Motor evoked potentials (MEP)
When we used the higher intensity, MEP latency was a bit shorter and the amplitude was much higher in comparison with MT, as shown in Table 2. However, the 120% MT could elicit an APB amplitude of MEP of more than 1 mV, which is accepted for use in most research [4, 5]. Therefore, we can use the APB latency and amplitude of MEP at 120% MT for diagnosis. However, be aware that 140% MT may provide better optimal conduction due to the larger amplitude of supramaximal stimulation. The median of MEP amplitude at 120% and 140% MT were 1.04 (0.80–1.68) and 2.24 (1.47–3.52) mV, respectively.

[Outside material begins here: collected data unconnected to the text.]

(* Consider a batch contextual bandit with finite context space $\mathcal{S}$, finite action space $\mathcal{A}$, context distribution $d_0$ and reward distributions $R(s,a)\in\Delta([0,R_{\max}])$. Let $\pi_b$ be a behavior policy, $\mu:=d_0\times\pi_b$, $\mathcal{F}$ a finite class of functions $\mathcal{S}\times\mathcal{A}\to[0,R_{\max}]$, and $\hat f\in\mathcal{F}$ with $\mathcal{L}_\mu(\hat f)-\min_{f\in\mathcal{F}}\mathcal{L}_\mu(f)\le\epsilon$. Let $Q^\star(s,a)=\mathbb{E}_{r\sim R(s,a)}[r]$ and $\epsilon_{\mathrm{approx}}:=\inf_{f\in\mathcal{F}}\|f-Q^\star\|_\mu^2$. Assume only that there is a constant $C<+\infty$ with $\pi_b(a\mid s)\ge1/C$ for all $s,a$. Then $$v^{\pi_{\hat f}}\ \ge\ v^\star-2\sqrt{C(\epsilon+\epsilon_{\mathrm{approx}})}.$$
   Context: Data are generated by $s\sim d_0$, $a\sim\pi_b(\cdot\mid s)$, $r\sim R(s,a)$; $\mu$ is the joint distribution of $(s,a)$. $\mathcal{L}_\mu(f):=\mathbb{E}_{(s,a)\sim\mu,\,r\sim R(s,a)}[(f(s,a)-r)^2]$. For a distribution $\nu$ on $\mathcal{S}\times\mathcal{A}$, $\|g\|_\nu^2:=\mathbb{E}_{(s,a)\sim\nu}[g(s,a)^2]$. $\pi_f$ is the greedy policy $s\mapsto\arg\max_a f(s,a)$ (fixed tie-breaking). $v^\pi:=\mathbb{E}_{s\sim d_0,\,r\sim R(s,\pi(s))}[r]$ and $v^\star:=\mathbb{E}_{s\sim d_0}[\max_aQ^\star(s,a)]$. *)

theory Defs
  imports "HOL-Probability.Probability"
begin

definition Qstar :: "('s \<Rightarrow> 'a \<Rightarrow> real measure) \<Rightarrow> 's \<Rightarrow> 'a \<Rightarrow> real" where
  "Qstar R s a = (\<integral>r. r \<partial>(R s a))"

definition sq_loss ::
  "('s::finite) pmf \<Rightarrow> ('s \<Rightarrow> ('a::finite) pmf) \<Rightarrow> ('s \<Rightarrow> 'a \<Rightarrow> real measure)
     \<Rightarrow> ('s \<Rightarrow> 'a \<Rightarrow> real) \<Rightarrow> real" where
  "sq_loss d0 pib R f =
     (\<Sum>s\<in>UNIV. \<Sum>a\<in>UNIV. pmf d0 s * pmf (pib s) a * (\<integral>r. (f s a - r)\<^sup>2 \<partial>(R s a)))"

definition sq_norm_mu ::
  "('s::finite) pmf \<Rightarrow> ('s \<Rightarrow> ('a::finite) pmf) \<Rightarrow> ('s \<Rightarrow> 'a \<Rightarrow> real) \<Rightarrow> real" where
  "sq_norm_mu d0 pib g = (\<Sum>s\<in>UNIV. \<Sum>a\<in>UNIV. pmf d0 s * pmf (pib s) a * (g s a)\<^sup>2)"

definition greedy :: "('s \<Rightarrow> 'a \<Rightarrow> real) \<Rightarrow> ('s \<Rightarrow> 'a) \<Rightarrow> bool" where
  "greedy f pol \<longleftrightarrow> (\<forall>s a. f s a \<le> f s (pol s))"

definition value_pol ::
  "('s::finite) pmf \<Rightarrow> ('s \<Rightarrow> 'a \<Rightarrow> real measure) \<Rightarrow> ('s \<Rightarrow> 'a) \<Rightarrow> real" where
  "value_pol d0 R pol = (\<Sum>s\<in>UNIV. pmf d0 s * Qstar R s (pol s))"

definition value_opt ::
  "('s::finite) pmf \<Rightarrow> ('s \<Rightarrow> ('a::finite) \<Rightarrow> real measure) \<Rightarrow> real" where
  "value_opt d0 R = (\<Sum>s\<in>UNIV. pmf d0 s * (MAX a. Qstar R s a))"

definition eps_approx ::
  "('s::finite) pmf \<Rightarrow> ('s \<Rightarrow> ('a::finite) pmf) \<Rightarrow> ('s \<Rightarrow> 'a \<Rightarrow> real measure)
     \<Rightarrow> ('s \<Rightarrow> 'a \<Rightarrow> real) set \<Rightarrow> real" where
  "eps_approx d0 pib R F = (INF f\<in>F. sq_norm_mu d0 pib (\<lambda>s a. f s a - Qstar R s a))"

end

theory Submission
  imports Defs
begin

text \<open>By the bias-variance decomposition, the squared loss of f is
  \<open>\<parallel>f - Q\<^sup>\<star>\<parallel>\<^sub>\<mu>\<^sup>2\<close> plus a constant, so the near-minimiser fhat satisfies
  \<open>\<parallel>fhat - Q\<^sup>\<star>\<parallel>\<^sub>\<mu>\<^sup>2 \<le> \<epsilon> + \<epsilon>\<^sub>a\<^sub>p\<^sub>p\<^sub>r\<^sub>o\<^sub>x\<close>. As the policy is greedy for fhat, its
  regret in context s against an optimal action is at most the error \<open>|fhat - Q\<^sup>\<star>|\<close> at that
  action plus the error at the chosen action. Averaging each error over \<open>d\<^sub>0\<close>, Jensen and the
  coverage \<open>\<pi>\<^sub>b(a|s) \<ge> 1/C\<close> bound it by \<open>\<surd>(C \<parallel>fhat - Q\<^sup>\<star>\<parallel>\<^sub>\<mu>\<^sup>2)\<close>.\<close>

lemma weighted_mean_square_le:
  fixes p x :: "'s \<Rightarrow> real"
  assumes "finite A" "\<And>s. s \<in> A \<Longrightarrow> 0 \<le> p s" "sum p A = 1"
  shows "(\<Sum>s\<in>A. p s * x s)\<^sup>2 \<le> (\<Sum>s\<in>A. p s * (x s)\<^sup>2)"
proof -
  define m where "m = (\<Sum>s\<in>A. p s * x s)"
  have "0 \<le> (\<Sum>s\<in>A. p s * (x s - m)\<^sup>2)"
    using assms(2) by (intro sum_nonneg) auto
  also have "\<dots> = (\<Sum>s\<in>A. p s * (x s)\<^sup>2 - 2 * m * (p s * x s) + m\<^sup>2 * p s)"
    by (intro sum.cong) (auto simp: power2_eq_square algebra_simps)
  also have "\<dots> = (\<Sum>s\<in>A. p s * (x s)\<^sup>2) - 2 * m * m + m\<^sup>2 * 1"
    by (simp add: sum.distrib sum_subtractf sum_distrib_left[symmetric] m_def assms(3))
  finally show ?thesis unfolding m_def[symmetric] by (simp add: power2_eq_square)
qed

lemma integral_square_diff_eq:
  fixes M :: "real measure" and c :: real
  assumes "prob_space M" "integrable M (\<lambda>r. r)" "integrable M (\<lambda>r. r\<^sup>2)"
  shows "(\<integral>r. (c - r)\<^sup>2 \<partial>M) = (c - (\<integral>r. r \<partial>M))\<^sup>2 + ((\<integral>r. r\<^sup>2 \<partial>M) - (\<integral>r. r \<partial>M)\<^sup>2)"
proof -
  interpret prob_space M by fact
  have "(\<integral>r. (c - r)\<^sup>2 \<partial>M) = (\<integral>r. (c\<^sup>2 - 2 * c * r) + r\<^sup>2 \<partial>M)"
    by (intro Bochner_Integration.integral_cong) (auto simp: power2_eq_square algebra_simps)
  also have "\<dots> = c\<^sup>2 - 2 * c * (\<integral>r. r \<partial>M) + (\<integral>r. r\<^sup>2 \<partial>M)"
    using assms(2,3) prob_space
    by (simp add: Bochner_Integration.integral_add Bochner_Integration.integral_diff)
  finally show ?thesis by (simp add: power2_eq_square algebra_simps)
qed

lemma integrable_bounded_real_powers:
  fixes M :: "real measure"
  assumes "finite_measure M" "sets M = sets borel" "AE r in M. 0 \<le> r \<and> r \<le> B"
  shows "integrable M (\<lambda>r::real. r)" "integrable M (\<lambda>r::real. r\<^sup>2)"
proof -
  have meas: "(\<lambda>r::real. r) \<in> borel_measurable M" "(\<lambda>r::real. r\<^sup>2) \<in> borel_measurable M"
    unfolding measurable_cong_sets[OF assms(2) refl] by simp_all
  interpret finite_measure M by fact
  show "integrable M (\<lambda>r. r)"
    by (rule integrable_const_bound[of _ B]) (use assms(3) meas in auto)
  show "integrable M (\<lambda>r. r\<^sup>2)"
  proof (rule integrable_const_bound[of _ "B\<^sup>2"])
    show "AE x in M. norm (x\<^sup>2) \<le> B\<^sup>2"
      using assms(3) by eventually_elim (auto intro: power_mono)
  qed (use meas in auto)
qed

definition reward_variance ::
  "('s::finite) pmf \<Rightarrow> ('s \<Rightarrow> ('a::finite) pmf) \<Rightarrow> ('s \<Rightarrow> 'a \<Rightarrow> real measure) \<Rightarrow> real" where
  "reward_variance d0 pib R = (\<Sum>s\<in>UNIV. \<Sum>a\<in>UNIV. pmf d0 s * pmf (pib s) a *
      ((\<integral>r. r\<^sup>2 \<partial>(R s a)) - (Qstar R s a)\<^sup>2))"

lemma sq_loss_eq_sq_norm_mu_plus_variance:
  assumes R_prob: "\<And>s a. prob_space (R s a)"
    and R_borel: "\<And>s a. sets (R s a) = sets borel"
    and R_range: "\<And>s a. AE r in R s a. 0 \<le> r \<and> r \<le> Rmax"
  shows "sq_loss d0 pib R f
    = sq_norm_mu d0 pib (\<lambda>s a. f s a - Qstar R s a) + reward_variance d0 pib R"
proof -
  have "(\<integral>r. (f s a - r)\<^sup>2 \<partial>R s a)
      = (f s a - Qstar R s a)\<^sup>2 + ((\<integral>r. r\<^sup>2 \<partial>(R s a)) - (Qstar R s a)\<^sup>2)" for s a
  proof -
    have "finite_measure (R s a)"
      using R_prob by (rule prob_space.finite_measure)
    then show ?thesis unfolding Qstar_def
      by (intro integral_square_diff_eq R_prob integrable_bounded_real_powers[OF _ R_borel R_range])
  qed
  then show ?thesis
    unfolding sq_loss_def sq_norm_mu_def reward_variance_def
    by (simp add: distrib_left sum.distrib)
qed

lemma sq_norm_mu_le_erm_error:
  assumes loss_eq: "\<And>f. sq_loss d0 pib R f
      = sq_norm_mu d0 pib (\<lambda>s a. f s a - Qstar R s a) + K"
    and "finite F" "fhat \<in> F"
    and fhat_erm: "sq_loss d0 pib R fhat - (MIN f\<in>F. sq_loss d0 pib R f) \<le> eps"
  shows "sq_norm_mu d0 pib (\<lambda>s a. fhat s a - Qstar R s a) \<le> eps + eps_approx d0 pib R F"
proof -
  have "sq_norm_mu d0 pib (\<lambda>s a. fhat s a - Qstar R s a) - eps
      \<le> sq_norm_mu d0 pib (\<lambda>s a. f s a - Qstar R s a)" if "f \<in> F" for f
  proof -
    have "(MIN f\<in>F. sq_loss d0 pib R f) \<le> sq_loss d0 pib R f"
      using \<open>finite F\<close> that by (intro Min_le) auto
    then show ?thesis using fhat_erm loss_eq[of fhat] loss_eq[of f] by linarith
  qed
  then have "sq_norm_mu d0 pib (\<lambda>s a. fhat s a - Qstar R s a) - eps \<le> eps_approx d0 pib R F"
    unfolding eps_approx_def using \<open>fhat \<in> F\<close> by (intro cINF_greatest) auto
  then show ?thesis by simp
qed

lemma expectation_abs_at_policy_le:
  fixes d0 :: "('s::finite) pmf" and pib :: "'s \<Rightarrow> ('a::finite) pmf"
  assumes C_pos: "0 < C" and cover: "\<And>s a. pmf (pib s) a \<ge> 1 / C"
  shows "(\<Sum>s\<in>UNIV. pmf d0 s * \<bar>g s (h s)\<bar>) \<le> sqrt (C * sq_norm_mu d0 pib g)"
proof -
  have "(\<Sum>s\<in>UNIV. pmf d0 s * \<bar>g s (h s)\<bar>)\<^sup>2 \<le> (\<Sum>s\<in>UNIV. pmf d0 s * \<bar>g s (h s)\<bar>\<^sup>2)"
    by (rule weighted_mean_square_le) (auto simp: sum_pmf_eq_1)
  also have "\<dots> \<le> (\<Sum>s\<in>UNIV. C * (\<Sum>a\<in>UNIV. pmf d0 s * pmf (pib s) a * (g s a)\<^sup>2))"
  proof (intro sum_mono)
    fix s
    have "1 \<le> C * pmf (pib s) (h s)"
      using cover[of s "h s"] C_pos by (simp add: field_simps)
    then have "1 * (pmf d0 s * (g s (h s))\<^sup>2) \<le> C * pmf (pib s) (h s) * (pmf d0 s * (g s (h s))\<^sup>2)"
      by (intro mult_right_mono) auto
    then have "pmf d0 s * \<bar>g s (h s)\<bar>\<^sup>2 \<le> C * (pmf d0 s * pmf (pib s) (h s) * (g s (h s))\<^sup>2)"
      by (simp add: algebra_simps)
    also have "\<dots> \<le> C * (\<Sum>a\<in>UNIV. pmf d0 s * pmf (pib s) a * (g s a)\<^sup>2)"
      using C_pos
      by (intro mult_left_mono member_le_sum[where f="\<lambda>a. pmf d0 s * pmf (pib s) a * (g s a)\<^sup>2"])
        auto
    finally show "pmf d0 s * \<bar>g s (h s)\<bar>\<^sup>2 \<le> C * (\<Sum>a\<in>UNIV. pmf d0 s * pmf (pib s) a * (g s a)\<^sup>2)" .
  qed
  also have "\<dots> = C * sq_norm_mu d0 pib g"
    by (simp add: sq_norm_mu_def sum_distrib_left)
  finally show ?thesis
    by (simp add: real_le_rsqrt sum_nonneg)
qed

lemma value_gap_le_greedy_error:
  fixes d0 :: "('s::finite) pmf" and R :: "'s \<Rightarrow> ('a::finite) \<Rightarrow> real measure"
  assumes "greedy f pol"
  obtains astar where "value_opt d0 R - value_pol d0 R pol
    \<le> (\<Sum>s\<in>UNIV. pmf d0 s * \<bar>f s (astar s) - Qstar R s (astar s)\<bar>)
     + (\<Sum>s\<in>UNIV. pmf d0 s * \<bar>f s (pol s) - Qstar R s (pol s)\<bar>)"
proof -
  have "\<exists>a. Qstar R s a = (MAX a. Qstar R s a)" for s
  proof -
    have "(MAX a. Qstar R s a) \<in> range (Qstar R s)"
      by (intro Max_in) auto
    then show ?thesis by (elim rangeE) (rule exI, rule sym)
  qed
  then obtain astar where astar: "\<And>s. Qstar R s (astar s) = (MAX a. Qstar R s a)"
    by metis
  have "pmf d0 s * (MAX a. Qstar R s a) - pmf d0 s * Qstar R s (pol s)
      \<le> pmf d0 s * \<bar>f s (astar s) - Qstar R s (astar s)\<bar>
       + pmf d0 s * \<bar>f s (pol s) - Qstar R s (pol s)\<bar>" for s
  proof -
    have "f s (astar s) \<le> f s (pol s)"
      using \<open>greedy f pol\<close> unfolding greedy_def by auto
    then have "Qstar R s (astar s) - Qstar R s (pol s)
        \<le> \<bar>f s (astar s) - Qstar R s (astar s)\<bar> + \<bar>f s (pol s) - Qstar R s (pol s)\<bar>"
      by linarith
    then have "pmf d0 s * (Qstar R s (astar s) - Qstar R s (pol s))
        \<le> pmf d0 s * (\<bar>f s (astar s) - Qstar R s (astar s)\<bar> + \<bar>f s (pol s) - Qstar R s (pol s)\<bar>)"
      by (intro mult_left_mono) auto
    then show ?thesis by (simp add: astar algebra_simps)
  qed
  then have "value_opt d0 R - value_pol d0 R pol
    \<le> (\<Sum>s\<in>UNIV. pmf d0 s * \<bar>f s (astar s) - Qstar R s (astar s)\<bar>
       + pmf d0 s * \<bar>f s (pol s) - Qstar R s (pol s)\<bar>)"
    unfolding value_opt_def value_pol_def sum_subtractf[symmetric] by (intro sum_mono)
  then show thesis by (intro that) (simp add: sum.distrib)
qed

theorem theorem2:
  fixes d0 :: "('s::finite) pmf"
    and pib :: "'s \<Rightarrow> ('a::finite) pmf"
    and R :: "'s \<Rightarrow> 'a \<Rightarrow> real measure"
    and F :: "('s \<Rightarrow> 'a \<Rightarrow> real) set"
    and fhat :: "'s \<Rightarrow> 'a \<Rightarrow> real"
    and pol :: "'s \<Rightarrow> 'a"
    and Rmax C eps :: real
  assumes R_prob: "\<And>s a. prob_space (R s a)"
    and R_borel: "\<And>s a. sets (R s a) = sets borel"
    and R_range: "\<And>s a. AE r in R s a. 0 \<le> r \<and> r \<le> Rmax"
    and F_fin: "finite F"
    and F_range: "\<And>f s a. f \<in> F \<Longrightarrow> 0 \<le> f s a \<and> f s a \<le> Rmax"
    and fhat_in: "fhat \<in> F"
    and fhat_erm: "sq_loss d0 pib R fhat - (MIN f\<in>F. sq_loss d0 pib R f) \<le> eps"
    and C_pos: "0 < C"
    and cover: "\<And>s a. pmf (pib s) a \<ge> 1 / C"
    and pi_greedy: "greedy fhat pol"
  shows "value_pol d0 R pol \<ge> value_opt d0 R - 2 * sqrt (C * (eps + eps_approx d0 pib R F))"
proof -
  define g where "g s a = fhat s a - Qstar R s a" for s a
  have "sq_norm_mu d0 pib g \<le> eps + eps_approx d0 pib R F"
    unfolding g_def
    using sq_loss_eq_sq_norm_mu_plus_variance[OF R_prob R_borel R_range] F_fin fhat_in fhat_erm
    by (rule sq_norm_mu_le_erm_error)
  then have norm_bound: "sqrt (C * sq_norm_mu d0 pib g) \<le> sqrt (C * (eps + eps_approx d0 pib R F))"
    using C_pos by simp
  obtain astar where "value_opt d0 R - value_pol d0 R pol
      \<le> (\<Sum>s\<in>UNIV. pmf d0 s * \<bar>g s (astar s)\<bar>) + (\<Sum>s\<in>UNIV. pmf d0 s * \<bar>g s (pol s)\<bar>)"
    using value_gap_le_greedy_error[OF pi_greedy] unfolding g_def by blast
  also have "\<dots> \<le> sqrt (C * sq_norm_mu d0 pib g) + sqrt (C * sq_norm_mu d0 pib g)"
    by (intro add_mono expectation_abs_at_policy_le[OF C_pos cover])
  finally show ?thesis using norm_bound by linarith
qed

end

We usually observed higher MEP amplitude when increasing %MSO, which can be explained by stimulus–response curves [7] and also with preactivated muscle contraction. We found that MEP amplitudes obtained from previous studies use a high MSO, i.e., 70% and 85% [19], and 100% [18]. Some employed slight voluntary contraction, i.e., 15–25% of maximum [19], and more than 20% of maximum [21], which may be explained by alpha motoneuron preactivation [18]. However, we used the resting MEP with higher power requirements to reach the I3 wave and cause neuronal discharge [18]. This reason may explain why our MEP amplitudes were low between 1 and 2 mV but in an optimal range [2].
According to the study of the stimulus–response curve, TMS stimulus intensity and MEP amplitude share a relationship. This relationship shows a correspondence between MEP ranging from 120 to 140% MT [34]. Therefore, this stimulus–response relationship can be studied by calculation of the amplitude ratio of the MEPs obtained at 140% and 120% MT [4]. The ratio of 140/120 MEP would help us measure cortical excitability. The median 140/120 MEP ratio was 1.92 (1.45–2.81), which is nearly two-fold. If there is too much or too little deviation from this amount, one should be cautious of an abnormal response from the corticospinal network. Keep in mind that deprivation of sleep, caffeine, and other stress may aggravate many responses as well [35, 36].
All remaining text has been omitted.